- EXERCISE PROMPT: Go through the data below and return each line containing the word "ultimately".

- SUPPLIED ENTRIES:

lemma hom_axis_mem_exponent_subgroup:
  assumes \<phi>: "\<phi> \<in> hom G G" and a: "a \<in> admissible_exponents lam" and k: "k < length lam"
    and y: "0 \<le> y" "int p ^ a k dvd y"
  shows "\<phi> (axis k y) \<in> exponent_subgroup a"
proof -
  have e: "\<phi> (axis k 1) \<in> carrier G"
    using \<phi> axis_in_carrier by (rule hom_in_carrier)
  have "axis k y = axis k 1 [^]\<^bsub>G\<^esub> nat y"
    using y(1) by (simp add: axis_nat_pow)
  then have "\<phi> (axis k y) = \<phi> (axis k 1) [^]\<^bsub>G\<^esub> nat y"
    by (metis hom_nat_pow[OF \<phi> axis_in_carrier group_G group_G])
  also have "\<dots> \<in> exponent_subgroup a"
  proof -
    have "int p ^ a j dvd y * \<phi> (axis k 1) j mod int p ^ (lam ! j)"
      if j: "j < length lam" for j
    proof -
      have "int p ^ (lam ! j - lam ! k) dvd \<phi> (axis k 1) j"
        using hom_axis_one_dvd[OF \<phi> k j] int_p_gt_1
        by (intro power_diff_dvd_if_power_dvd_mult) simp_all
      then have "int p ^ (a k + (lam ! j - lam ! k)) dvd y * \<phi> (axis k 1) j"
        unfolding power_add using y(2) by (rule mult_dvd_mono[rotated])
      moreover have "a j \<le> a k + (lam ! j - lam ! k)"
        using a j k by (simp add: admissible_exponents_def)
      ultimately show ?thesis
        using admissible_exponents_le[OF a j]
        by (simp add: dvd_mod_iff power_dvd_power_iff dvd_trans[OF le_imp_power_dvd])
    qed
    then show ?thesis
      using y e unfolding nat_pow_G[OF e] by (auto simp: exponent_subgroup_def mult.commute)
  qed
  finally show ?thesis .
qed

lemma hom_exponent_subgroup:
  assumes \<phi>: "\<phi> \<in> hom G G" and a: "a \<in> admissible_exponents lam"
    and x: "x \<in> exponent_subgroup a"
  shows "\<phi> x \<in> exponent_subgroup a"
proof -
  let ?K = "\<phi> -` exponent_subgroup a \<inter> carrier G"
  have K: "subgroup ?K G"
    using \<phi> subgroup_exponent_subgroup[OF admissible_exponents_le[OF a]]
    by (intro group_hom.subgroup_vimage) (simp_all add: group_hom_def group_hom_axioms_def)
  have "x \<in> ?K"
  proof (rule mem_subgroup_if_axes[OF K])
    show "x \<in> carrier G"
      using x by (simp add: exponent_subgroup_def)
    show "axis k (x k) \<in> ?K" if k: "k < length lam" for k
      using x k hom_axis_mem_exponent_subgroup[OF \<phi> a k] axis_in_carrier
      by (auto simp: exponent_subgroup_def PiE_iff)
  qed
  then show ?thesis
    by blast
qed

lemma characteristic_exponent_subgroup:
  assumes a: "a \<in> admissible_exponents lam"
  shows "characteristic (exponent_subgroup a) G"
  unfolding characteristic_def
proof
  show "subgroup (exponent_subgroup a) G"
    using admissible_exponents_le[OF a] by (rule subgroup_exponent_subgroup)
  show "\<forall>\<phi>\<in>auto G. \<phi> ` exponent_subgroup a = exponent_subgroup a"
  proof
    fix \<phi> assume "\<phi> \<in> auto G"
    then have \<phi>: "\<phi> \<in> hom G G" and inj: "inj_on \<phi> (carrier G)"
      by (auto simp: auto_def Bij_def bij_betw_def)
    from inj have "inj_on \<phi> (exponent_subgroup a)"
      by (rule inj_on_subset) (auto simp: exponent_subgroup_def)
    moreover have "finite (exponent_subgroup a)"
      using finite_carrier_G by (rule rev_finite_subset) (auto simp: exponent_subgroup_def)
    ultimately show "\<phi> ` exponent_subgroup a = exponent_subgroup a"
      using hom_exponent_subgroup[OF \<phi> a] endo_inj_surj by blast
  qed
qed

definition min_exponent :: "(nat \<Rightarrow> int) set \<Rightarrow> nat \<Rightarrow> nat" where
  "min_exponent H i = (LEAST k. axis i (int p ^ k) \<in> H)"

lemma
  assumes "subgroup H G"
  shows axis_min_exponent_mem: "axis i (int p ^ min_exponent H i) \<in> H"
    and min_exponent_le: "min_exponent H i \<le> lam ! i"
proof -
  have "axis i (int p ^ (lam ! i)) \<in> H"
    using axis_modulus[of i] subgroup.one_closed[OF assms] by simp
  then show "axis i (int p ^ min_exponent H i) \<in> H" "min_exponent H i \<le> lam ! i"
    unfolding min_exponent_def by (auto intro: LeastI Least_le)
qed

lemma axis_mem_subgroup_iff:
  assumes sg: "subgroup H G"
  shows "axis i y \<in> H \<longleftrightarrow> int p ^ min_exponent H i dvd y"
proof
  assume "int p ^ min_exponent H i dvd y"
  then obtain z where "y = z * int p ^ min_exponent H i"
    by (metis dvd_def mult.commute)
  then show "axis i y \<in> H"
    using axis_multiple_closed[OF sg axis_min_exponent_mem[OF sg]] by simp
next
  assume y: "axis i y \<in> H"
  show "int p ^ min_exponent H i dvd y"
  proof (cases "y = 0")
    case False
    have "Factorial_Ring.prime (int p)"
      using prime_p by simp
    then obtain w where "w * y mod int p ^ (lam ! i) = int p ^ multiplicity (int p) y mod int p ^ (lam ! i)"
      using prime_power_part_mod False by blast
    then have "axis i (int p ^ multiplicity (int p) y) = axis i (w * y)"
      by (intro axis_cong) simp
    then have "axis i (int p ^ multiplicity (int p) y) \<in> H"
      using axis_multiple_closed[OF sg y] by simp
    then have "min_exponent H i \<le> multiplicity (int p) y"
      unfolding min_exponent_def by (rule Least_le)
    then show ?thesis
      using multiplicity_dvd[of "int p" y] by (meson dvd_trans le_imp_power_dvd)
  qed simp
qed

definition min_exponents :: "(nat \<Rightarrow> int) set \<Rightarrow> nat \<Rightarrow> nat" where
  "min_exponents H = (\<lambda>i\<in>{..<length lam}. min_exponent H i)"

lemma min_exponents_admissible:
  assumes H: "characteristic H G"
  shows "min_exponents H \<in> admissible_exponents lam"
proof -
  have sg: "subgroup H G"
    using H by (simp add: characteristic_def)
  have "min_exponent H j \<le> min_exponent H i + (lam ! j - lam ! i)"
    if i: "i < length lam" and j: "j < length lam" for i j
  proof (cases "i = j")
    case False
    let ?a = "min_exponent H i" and ?c = "int p ^ (lam ! j - lam ! i)"
    have dvd: "int p ^ (lam ! j) dvd ?c * int p ^ (lam ! i)"
      by (simp add: le_imp_power_dvd flip: power_add)
    have "axis j (?c * axis i (int p ^ ?a) i) \<in> H"
      using characteristic_axis_mem[OF H axis_min_exponent_mem[OF sg] i j, of ?c] dvd False by simp
    moreover have "axis j (?c * axis i (int p ^ ?a) i) = axis j (int p ^ (?a + (lam ! j - lam ! i)))"
      using i mod_mult_mod_eq[OF dvd, of "int p ^ ?a"]
      by (intro axis_cong) (simp add: axis_def power_add mult.commute)
    ultimately show ?thesis
      by (simp add: axis_mem_subgroup_iff[OF sg] power_dvd_power_iff)
  qed simp
  then show ?thesis
    using min_exponent_le[OF sg]
    by (auto simp: admissible_exponents_def min_exponents_def)
qed

lemma characteristic_eq_exponent_subgroup:
  assumes H: "characteristic H G" and odd: "odd p"
  shows "H = exponent_subgroup (min_exponents H)"
proof -
  have sg: "subgroup H G"
    using H by (simp add: characteristic_def)
  show ?thesis
  proof (intro equalityI subsetI)
    fix x
    assume x: "x \<in> H"
    have "int p ^ min_exponent H i dvd x i" if "i < length lam" for i
      using characteristic_axis_component[OF H x that] odd by (simp add: axis_mem_subgroup_iff[OF sg])
    then show "x \<in> exponent_subgroup (min_exponents H)"
      using subgroup.mem_carrier[OF sg x] by (simp add: exponent_subgroup_def min_exponents_def)
  next
    fix x
    assume x: "x \<in> exponent_subgroup (min_exponents H)"
    show "x \<in> H"
    proof (rule mem_subgroup_if_axes[OF sg])
      show "x \<in> carrier G"
        using x by (simp add: exponent_subgroup_def)
      show "axis k (x k) \<in> H" if "k < length lam" for k
        using x that by (simp add: exponent_subgroup_def min_exponents_def axis_mem_subgroup_iff[OF sg])
    qed
  qed
qed

lemma Char_eq_exponent_subgroups:
  assumes "odd p"
  shows "Char G = exponent_subgroup ` admissible_exponents lam"
  using characteristic_eq_exponent_subgroup[OF _ assms] min_exponents_admissible
    characteristic_exponent_subgroup
  unfolding Char_def by blast

end

lemma lattice_iso_sets_imageI:
  assumes "\<And>a b. a \<in> A \<Longrightarrow> b \<in> A \<Longrightarrow> f a \<subseteq> f b \<longleftrightarrow> g a \<subseteq> g b"
  shows "lattice_iso_sets (f ` A) (g ` A)"
proof -
  define h where "h = g \<circ> inv_into A f"
  have h: "h (f a) = g a" if a: "a \<in> A" for a
  proof -
    define a' where "a' = inv_into A f (f a)"
    have "f a \<in> f ` A"
      using a by blast
    then have "a' \<in> A" and "f a' = f a"
      unfolding a'_def by (rule inv_into_into, rule f_inv_into_f)
    then have "g a' = g a"
      using assms[OF _ a] assms[OF a] by blast
    then show ?thesis
      by (simp add: h_def a'_def)
  qed
  have "inj_on h (f ` A)"
  proof (rule inj_onI)
    fix H K
    assume "H \<in> f ` A" "K \<in> f ` A" "h H = h K"
    then obtain a b where "a \<in> A" "b \<in> A" "H = f a" "K = f b" "g a = g b"
      using h by auto
    then show "H = K"
      using assms by (metis subset_antisym order_refl)
  qed
  moreover have "h ` f ` A = g ` A"
    using h by (simp add: image_image cong: image_cong)
  moreover have "\<forall>H\<in>f ` A. \<forall>K\<in>f ` A. H \<subseteq> K \<longleftrightarrow> h H \<subseteq> h K"
    using h assms by simp
  ultimately show ?thesis
    unfolding lattice_iso_sets_def bij_betw_def by blast
qed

- RESULT FOR THIS EXERCISE:
      ultimately show ?thesis
    ultimately show "\<phi> ` exponent_subgroup a = exponent_subgroup a"
    ultimately show ?thesis
  ultimately show ?thesis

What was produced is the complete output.